While the White House has acknowledged
its blunder in not sending President Barack Obama or another high-ranking official to Sunday’s unity rally in Paris, former Sen. Joe
Lieberman writes in The Wall Street Journal that a "history-changing opportunity" is still in Obama’s grasp: "Leading a global alliance to destroy violent Islamist extremism."
Last week’s deadly terror attacks in France by Islamic extremists offer the most recent example that violent Islamist extremism has declared war on Western civilization’s "foundational values," specifically the rule of law, freedom of expression and freedom of religion, according to Lieberman.
It’s also further proof that "al-Qaida has divided and reconstituted itself throughout the world under groups with new names like Islamic State, but with the same evil purposes."

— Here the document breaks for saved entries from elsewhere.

lemma abs_exp_minus_one_minus_le_sq:
  fixes x :: real
  assumes "\<bar>x\<bar> \<le> M" "M \<le> 1"
  shows "\<bar>exp x - 1 - x\<bar> \<le> 3/2 * M\<^sup>2"
proof -
  have "\<bar>exp x - 1 - x\<bar> \<le> exp \<bar>x\<bar> * x\<^sup>2 / 2"
    by (rule abs_exp_minus_one_minus_le)
  also have "\<dots> \<le> 3 * M\<^sup>2 / 2"
  proof (intro divide_right_mono mult_mono)
    show "exp \<bar>x\<bar> \<le> 3"
      using exp_le assms by (meson exp_le_cancel_iff order_trans)
    show "x\<^sup>2 \<le> M\<^sup>2"
      using power_mono[OF assms(1), of 2] by simp
  qed auto
  finally show ?thesis by simp
qed

lemma softmax_remainder_eq:
  fixes z :: "nat \<Rightarrow> real"
  assumes "b < m"
  defines "S \<equiv> \<Sum>c<m. exp (z c)" and "Z \<equiv> \<Sum>c<m. z c" and "U \<equiv> \<Sum>c<m. exp (z c) - 1 - z c"
  shows "exp (z b) / S - 1 / m - (z b - Z / m) / m
    = (m * (exp (z b) - 1 - z b) - U - (z b - Z / m) * (Z + U)) / (m * S)"
proof -
  have m: "real m \<noteq> 0"
    using assms(1) by simp
  have "0 < S"
    unfolding S_def using assms(1) by (intro sum_pos) auto
  then have S: "S \<noteq> 0" by simp
  have "S = m + Z + U"
    unfolding S_def Z_def U_def by (simp add: sum.distrib sum_subtractf)
  then have "m * exp (z b) - S - (z b - Z / m) * S
      = m * (exp (z b) - 1 - z b) - U - (z b - Z / m) * (Z + U)"
    using m by (simp add: field_simps)
  moreover have "exp (z b) / S - 1 / m - (z b - Z / m) / m
      = (m * exp (z b) - S - (z b - Z / m) * S) / (m * S)"
    using m S by (simp add: field_simps)
  ultimately show ?thesis by simp
qed

lemma softmax_linearization_le_one:
  fixes z :: "nat \<Rightarrow> real"
  assumes b: "b < m" and M: "M \<le> 1" and z: "\<And>c. c < m \<Longrightarrow> \<bar>z c\<bar> \<le> M"
  shows "\<bar>exp (z b) / (\<Sum>c<m. exp (z c)) - 1 / m - (z b - (\<Sum>c<m. z c) / m) / m\<bar> \<le> 24 * M\<^sup>2"
proof -
  define S where "S = (\<Sum>c<m. exp (z c))"
  define Z where "Z = (\<Sum>c<m. z c)"
  define U where "U = (\<Sum>c<m. exp (z c) - 1 - z c)"
  have m: "real m \<ge> 1" using b by simp
  have M0: "0 \<le> M" using z[OF b] by linarith
  have u: "\<bar>exp (z c) - 1 - z c\<bar> \<le> 3/2 * M\<^sup>2" if "c < m" for c
    using z[OF that] M by (rule abs_exp_minus_one_minus_le_sq)
  have Z: "\<bar>Z\<bar> \<le> m * M"
    unfolding Z_def using z by (rule abs_sum_lessThan_le)
  have U: "\<bar>U\<bar> \<le> m * (3/2 * M\<^sup>2)"
    unfolding U_def using u by (rule abs_sum_lessThan_le)
  have lin: "\<bar>z b - Z / m\<bar> \<le> 2 * M"
    unfolding Z_def using b z by (rule abs_minus_mean_le)
  have S: "S \<ge> m / 3"
    unfolding S_def using z M by (intro sum_exp_ge_third) (force simp: abs_le_iff)
  have "\<bar>m * (exp (z b) - 1 - z b) - U - (z b - Z / m) * (Z + U)\<bar>
      \<le> m * (3/2 * M\<^sup>2) + m * (3/2 * M\<^sup>2) + 2 * M * (m * M + m * (3/2 * M\<^sup>2))"
  proof -
    have "\<bar>m * (exp (z b) - 1 - z b)\<bar> \<le> m * (3/2 * M\<^sup>2)"
      using u[OF b] m by (simp add: abs_mult)
    moreover have "\<bar>(z b - Z / m) * (Z + U)\<bar> \<le> 2 * M * (m * M + m * (3/2 * M\<^sup>2))"
      unfolding abs_mult using lin Z U M0 by (intro mult_mono) auto
    ultimately show ?thesis using U by (simp add: abs_le_iff) linarith
  qed
  also have "\<dots> \<le> 8 * m * M\<^sup>2"
  proof -
    have "m * (M * M\<^sup>2) \<le> m * M\<^sup>2"
      using M M0 by (intro mult_left_mono) (auto simp: mult_left_le_one_le)
    then show ?thesis by (simp add: power2_eq_square algebra_simps)
  qed
  finally have "\<bar>(m * (exp (z b) - 1 - z b) - U - (z b - Z / m) * (Z + U)) / (m * S)\<bar>
      \<le> 8 * m * M\<^sup>2 / (m * (m / 3))"
    using S m by (intro frac_le abs_divide[THEN ord_eq_le_trans]) (auto intro!: mult_left_mono)
  also have "\<dots> = 24 * M\<^sup>2 / m"
    using m by (simp add: field_simps)
  also have "\<dots> \<le> 24 * M\<^sup>2"
    using m by (simp add: divide_le_eq mult_le_cancel_left1)
  finally show ?thesis
    unfolding S_def Z_def U_def softmax_remainder_eq[OF b, symmetric] .
qed

lemma softmax_rows_deviation_bounds:
  assumes b: "b < m" and Z: "\<And>c. c < m \<Longrightarrow> \<bar>Z a c\<bar> \<le> M"
  shows abs_softmax_rows_minus_uniform_le: "\<bar>softmax_rows m Z a b - 1 / m\<bar> \<le> 26 * M"
    and abs_softmax_rows_minus_linearization_le:
      "\<bar>softmax_rows m Z a b - 1 / m - (Z a b - (\<Sum>c<m. Z a c) / m) / m\<bar> \<le> 26 * M\<^sup>2"
proof -
  define l where "l = (Z a b - (\<Sum>c<m. Z a c) / m) / m"
  have "\<bar>Z a b - (\<Sum>c<m. Z a c) / m\<bar> \<le> 2 * M"
    using b Z by (rule abs_minus_mean_le)
  moreover have "\<bar>l\<bar> \<le> \<bar>Z a b - (\<Sum>c<m. Z a c) / m\<bar>"
    unfolding l_def using b by (simp add: divide_le_eq mult_le_cancel_left1)
  ultimately have lin: "\<bar>l\<bar> \<le> 2 * M" by linarith
  have dev: "\<bar>softmax_rows m Z a b - 1 / m\<bar> \<le> 1"
    using b by (rule abs_softmax_rows_minus_uniform_le_one)
  have M0: "0 \<le> M" using Z[OF b] by linarith
  have small: "\<bar>softmax_rows m Z a b - 1 / m - l\<bar> \<le> 24 * M\<^sup>2" if "M \<le> 1"
    unfolding softmax_rows_def l_def using b that Z by (rule softmax_linearization_le_one)
  show "\<bar>softmax_rows m Z a b - 1 / m\<bar> \<le> 26 * M"
  proof (cases "M \<le> 1")
    case True
    then have "M\<^sup>2 \<le> M"
      using M0 by (simp add: power2_eq_square mult_left_le_one_le)
    then show ?thesis using small[OF True] lin by linarith
  next
    case False
    then show ?thesis using dev by linarith
  qed
  show "\<bar>softmax_rows m Z a b - 1 / m - l\<bar> \<le> 26 * M\<^sup>2"
  proof (cases "M \<le> 1")
    case True
    then show ?thesis using small[OF True] by simp
  next
    case False
    then have "M \<le> M\<^sup>2" by (simp add: power2_eq_square)
    then show ?thesis using dev lin False by linarith
  qed
qed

So unless and until radical Islam is "fought and eventually defeated," attacks on the civilized West will continue, he writes.
Lieberman proposes a four-pronged strategy to rid the world of violent jihadists, beginning with civilized nations going on the offensive, first by acknowledging that "we are at war with violent Islamist extremism and that as long as these extremists continue to recruit, attack and expand territorially, the civilized world will continue to lose and the number and frequency of attacks like those in France will increase."

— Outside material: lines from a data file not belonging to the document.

lemma index_mult_mat_sum:
  "A \<in> carrier_mat n m \<Longrightarrow> B \<in> carrier_mat m k \<Longrightarrow> i < n \<Longrightarrow> j < k \<Longrightarrow>
    (A * B) $$ (i,j) = (\<Sum>l<m. A $$ (i,l) * B $$ (l,j))"
  by (auto simp: scalar_prod_def atLeast0LessThan intro!: sum.cong)

lemma mat_trace_mult_comm:
  assumes A: "A \<in> carrier_mat n m" and B: "B \<in> carrier_mat m n"
  shows "mat_trace (A * B) = mat_trace (B * A)"
proof -
  have "mat_trace (A * B) = (\<Sum>i<n. \<Sum>l<m. A $$ (i,l) * B $$ (l,i))"
    unfolding mat_trace_def using A B
    by (auto simp: index_mult_mat_sum simp del: index_mult_mat(1) intro!: sum.cong)
  also have "\<dots> = (\<Sum>l<m. \<Sum>i<n. B $$ (l,i) * A $$ (i,l))"
    by (subst sum.swap) (simp add: mult.commute)
  also have "\<dots> = mat_trace (B * A)"
    unfolding mat_trace_def using A B
    by (auto simp: index_mult_mat_sum simp del: index_mult_mat(1) intro!: sum.cong)
  finally show ?thesis .
qed

lemma diag_mult_upper_triangular:
  fixes A B :: "'a :: comm_ring_1 mat"
  assumes A: "A \<in> carrier_mat n n" and B: "B \<in> carrier_mat n n"
    and "upper_triangular A" "upper_triangular B" and i: "i < n"
  shows "(A * B) $$ (i,i) = A $$ (i,i) * B $$ (i,i)"
proof -
  have "A $$ (i,l) * B $$ (l,i) = 0" if "l < n" "l \<noteq> i" for l
    using assms that by (cases "l < i") (auto simp: upper_triangular_def)
  then have "(\<Sum>l<n. A $$ (i,l) * B $$ (l,i)) = A $$ (i,i) * B $$ (i,i)"
    using i by (subst sum.remove[of _ i]) (auto intro: sum.neutral)
  then show ?thesis using A B i by (simp add: index_mult_mat_sum del: index_mult_mat)
qed

lemma upper_triangular_left_inverse:
  fixes T R :: "'a :: field mat"
  assumes T: "T \<in> carrier_mat n n" and R: "R \<in> carrier_mat n n"
    and ut: "upper_triangular T" and diag: "\<And>i. i < n \<Longrightarrow> T $$ (i,i) \<noteq> 0"
    and inv: "R * T = 1\<^sub>m n"
  shows "upper_triangular R"
proof -
  have "R $$ (i,j) = 0" if "j < i" "i < n" for i j
    using that
  proof (induct j arbitrary: i rule: less_induct)
    case (less j)
    have "\<forall>l\<in>{..<n} - {j}. R $$ (i,l) * T $$ (l,j) = 0"
    proof
      fix l assume "l \<in> {..<n} - {j}"
      then show "R $$ (i,l) * T $$ (l,j) = 0"
        using less ut T by (cases "l < j") (auto simp: upper_triangular_def)
    qed
    then have "(\<Sum>l<n. R $$ (i,l) * T $$ (l,j)) = R $$ (i,j) * T $$ (j,j)"
      using less by (simp add: sum.remove[of _ j] sum.neutral)
    moreover have "(R * T) $$ (i,j) = 0" using inv less by simp
    ultimately show ?case
      using T R less diag[of j] by (simp add: index_mult_mat_sum del: index_mult_mat)
  qed
  then show ?thesis using R by (auto simp: upper_triangular_def)
qed

lemma mat_trace_mult_left_inverse_upper_triangular:
  fixes B T R :: "'a :: field mat"
  assumes B: "B \<in> carrier_mat n n" and T: "T \<in> carrier_mat n n" and R: "R \<in> carrier_mat n n"
    and ut_B: "upper_triangular B" and ut_T: "upper_triangular T"
    and diag: "\<And>i. i < n \<Longrightarrow> T $$ (i,i) \<noteq> 0" and RT: "R * T = 1\<^sub>m n"
  shows "mat_trace (B * R) = (\<Sum>i<n. B $$ (i,i) / T $$ (i,i))"
proof -
  have ut_R: "upper_triangular R"
    by (rule upper_triangular_left_inverse[OF T R ut_T diag RT])
  have "R $$ (i,i) = 1 / T $$ (i,i)" if "i < n" for i
    using diag_mult_upper_triangular[OF R T ut_R ut_T that] RT that diag[OF that]
    by (simp add: field_simps)
  then show ?thesis
    unfolding mat_trace_def using B R
    by (auto simp: diag_mult_upper_triangular[OF B R ut_B ut_R] simp del: index_mult_mat(1)
        intro!: sum.cong)
qed

lemma mat_inverse_Some_if_det_nonzero:
  fixes A :: "'a :: field mat"
  assumes A: "A \<in> carrier_mat n n" and "det A \<noteq> 0"
  obtains N where "mat_inverse A = Some N"
proof -
  have "A \<in> Units (ring_mat TYPE('a) n undefined)"
    by (rule det_non_zero_imp_unit[OF A assms(2)])
  then show ?thesis
    using mat_inverse(1)[OF A, of undefined] that by (cases "mat_inverse A") auto
qed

Second, he writes, by "every nation whose government or people have been attacked or threatened by Islamist terrorists formally declaring war against Islamist extremism."

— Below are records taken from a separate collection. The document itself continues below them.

lemma reaches_within_zeta_iff:
  assumes "w \<in> P" "A \<subseteq> P"
  shows "reaches_within P le n (zeta w) A \<longleftrightarrow> reaches_within P le n w (zeta ` A)"
proof
  assume "reaches_within P le n (zeta w) A"
  then obtain y k where "y \<in> A" "k \<le> n" "comp_path P le k (zeta w) y"
    by (auto simp: reaches_within_def)
  then show "reaches_within P le n w (zeta ` A)"
    using comp_path_zeta[of k "zeta w" y] zeta_zeta[OF assms(1)]
    by (auto simp: reaches_within_def)
next
  assume "reaches_within P le n w (zeta ` A)"
  then obtain y k where "y \<in> A" "k \<le> n" "comp_path P le k w (zeta y)"
    by (auto simp: reaches_within_def)
  moreover have "zeta (zeta y) = y"
    using \<open>y \<in> A\<close> assms(2) zeta_zeta by blast
  ultimately show "reaches_within P le n (zeta w) A"
    using comp_path_zeta[of k w "zeta y"] by (auto simp: reaches_within_def)
qed

lemma odist_set_image_zeta_eq_infinity_iff:
  assumes "x \<in> P"
  shows "odist_set P le x (zeta ` (P - X)) = \<infinity> \<longleftrightarrow> zeta ` order_component P le x \<subseteq> X"
proof -
  have "zeta ` (P - X) \<subseteq> P"
    using zeta_closed by (simp add: image_subset_iff)
  then have "odist_set P le x (zeta ` (P - X)) = \<infinity> \<longleftrightarrow>
      order_component P le x \<inter> zeta ` (P - X) = {}"
    by (rule odist_set_eq_infinity_iff[OF assms])
  also have "\<dots> \<longleftrightarrow> zeta ` order_component P le x \<subseteq> X"
    using mem_image_zeta_iff[of "P - X"] order_component_subset[of P le x] zeta_closed by blast
  finally show ?thesis .
qed

context
  fixes X :: "'a set"
  assumes X_decreasing: "decreasing P le X"
begin

definition shifted_complement :: "nat \<Rightarrow> 'a set" where
  "shifted_complement n = (if even n then P - X else zeta ` (P - X))"

lemma shifted_complement_subset: "shifted_complement n \<subseteq> P"
  unfolding shifted_complement_def using zeta_closed by auto

lemma shifted_complement_Suc: "shifted_complement (Suc n) = zeta ` shifted_complement n"
proof -
  have "zeta ` zeta ` (P - X) = P - X"
    using zeta_zeta by (force simp: image_image)
  then show ?thesis unfolding shifted_complement_def by auto
qed

lemma increasing_shifted_complement: "even n \<Longrightarrow> increasing P le (shifted_complement n)"
  using X_decreasing unfolding shifted_complement_def decreasing_def increasing_def by auto

lemma decreasing_shifted_complement: "odd n \<Longrightarrow> decreasing P le (shifted_complement n)"
  using decreasing_image_zeta[OF increasing_shifted_complement[of 0]]
  by (simp add: shifted_complement_def)

lemma prime_star_iter_eq:
  "prime_star_iter P le zeta n X =
     {x\<in>P. \<not> reaches_within P le n x (shifted_complement n)}"
proof (induction n)
  case 0
  show ?case
    using X_decreasing
    by (auto simp: shifted_complement_def reaches_within_def comp_path_0_iff decreasing_def)
next
  case (Suc n)
  let ?S = "prime_star_iter P le zeta n X" and ?B = "shifted_complement (Suc n)"
  have lower: "w \<in> zeta ` ?S \<longleftrightarrow> \<not> reaches_within P le n w ?B" if "w \<in> P" for w
  proof -
    have "w \<in> zeta ` ?S \<longleftrightarrow> zeta w \<in> ?S"
      using Suc.IH that by (intro mem_image_zeta_iff) auto
    also have "\<dots> \<longleftrightarrow> \<not> reaches_within P le n (zeta w) (shifted_complement n)"
      using Suc.IH zeta_closed[OF that] by simp
    also have "\<dots> \<longleftrightarrow> \<not> reaches_within P le n w ?B"
      using reaches_within_zeta_iff[OF that shifted_complement_subset]
      by (simp add: shifted_complement_Suc)
    finally show ?thesis .
  qed
  have closed: "even n \<Longrightarrow> decreasing P le ?B" "odd n \<Longrightarrow> increasing P le ?B"
    by (simp_all add: decreasing_shifted_complement increasing_shifted_complement)
  show ?case
  proof (rule set_eqI)
    fix x
    have "x \<in> prime_star_iter P le zeta (Suc n) X \<longleftrightarrow>
          x \<in> P \<and> (\<forall>w\<in>P. le w x \<longrightarrow> \<not> reaches_within P le n w ?B)"
      using lower by (auto simp: mem_pstar_pprime_iff)
    also have "\<dots> \<longleftrightarrow> x \<in> P \<and> \<not> reaches_within P le (Suc n) x ?B"
      using reaches_within_Suc_iff_lower[OF _ closed] by blast
    finally show "x \<in> prime_star_iter P le zeta (Suc n) X \<longleftrightarrow>
        x \<in> {x\<in>P. \<not> reaches_within P le (Suc n) x ?B}" by simp
  qed
qed

lemma prime_star_iter_eq_odist_set:
  "prime_star_iter P le zeta n X = {x\<in>P. enat n < odist_set P le x (shifted_complement n)}"
  using prime_star_iter_eq by (auto simp: odist_set_le_enat_iff not_le[symmetric])

end

end

lemma height_one_involution_if_pm_space:
  assumes "pm_space T le zeta" and "height_le_1 (topspace T) le"
  shows "height_one_involution (topspace T) le zeta"
proof -
  have po: "partial_order_on_set (topspace T) le" and cont: "continuous_map T T zeta"
    and antitone: "\<forall>x\<in>topspace T. \<forall>y\<in>topspace T. le x y \<longrightarrow> le (zeta y) (zeta x)"
    and involution: "\<forall>x\<in>topspace T. zeta (zeta x) = x"
    using assms(1) unfolding pm_space_def priestley_space_def by auto
  show ?thesis
  proof
    show "le x x" if "x \<in> topspace T" for x
      using po that unfolding partial_order_on_set_def by blast
    show "zeta x \<in> topspace T" if "x \<in> topspace T" for x
      using continuous_map_image_subset_topspace[OF cont] that by blast
  qed (use assms(2) antitone involution in blast)+
qed

theorem lemma3p2:
  fixes T :: "'a topology" and le :: "'a \<Rightarrow> 'a \<Rightarrow> bool" and zeta :: "'a \<Rightarrow> 'a"
    and X :: "'a set"
  assumes "pm_space T le zeta"
    and "height_le_1 (topspace T) le"
    and "clopenin T X" and "decreasing (topspace T) le X"
  shows "(\<forall>n::nat.
            prime_star_iter (topspace T) le zeta n X =
              (if even n
               then {x\<in>topspace T. odist_set (topspace T) le x (topspace T - X) > enat n}
               else {x\<in>topspace T. odist_set (topspace T) le x (zeta ` (topspace T - X)) > enat n}))
       \<and> (\<forall>x\<in>topspace T.
            (odist_set (topspace T) le x (topspace T - X) = \<infinity>
               \<longleftrightarrow> order_component (topspace T) le x \<subseteq> X)
          \<and> (odist_set (topspace T) le x (zeta ` (topspace T - X)) = \<infinity>
               \<longleftrightarrow> zeta ` order_component (topspace T) le x \<subseteq> X))"
proof -
  interpret height_one_involution "topspace T" le zeta
    using assms(1,2) by (rule height_one_involution_if_pm_space)
  show ?thesis
    by (simp add: prime_star_iter_eq_odist_set[OF assms(4)] shifted_complement_def[OF assms(4)]
        odist_set_Diff_eq_infinity_iff odist_set_image_zeta_eq_infinity_iff)
qed

end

That includes the Congress updating the Authorization for Use of Military Force passed after 9/11 to grant the president broad authority to take action.
Lieberman’s third prong would be the U.S. and the world’s other great powers forming and leading a global alliance against radical Islam — combining military, intelligence, economic and diplomatic assets — and the inclusion of leading Islamic nations such as Saudi Arabia, United Arab Emirates and Egypt, "because Muslims who do not share the extremist views of the terrorists constitute the largest number of its victims."
The unfettered goal of the Alliance Against Islamist Extremism "should be nothing less than total destruction of the enemy — beginning with Islamic State, AQAP in Yemen, al-Shabaab in Somalia and Boko Haram in Nigeria," according to Lieberman, who notes that the terror groups' very existence poses a threat to the civilized people of the world.
"They must be eliminated," Lieberman writes. "As long as they exist, they will continue to radicalize followers, in person and online. They will provide training for terrorists who will attack us where we live, work and worship.
"That will stop only when they are destroyed."
Fourth, and last, Western values — the rule of law, and the freedom of expression and religion — must be "used as weapons … and spread by the alliance because where there is law and freedom, radical Islamists cannot flourish."
Fighting Islamist terrorism is an ideological conflict tantamount to the world wars against fascism and communism, Lieberman says.
"Can the inspiring unity that filled the streets of Paris on Sunday in defense of freedom be transformed into the mighty unity that is necessary now to defeat radical Islam before it kills more people and takes away more freedom?"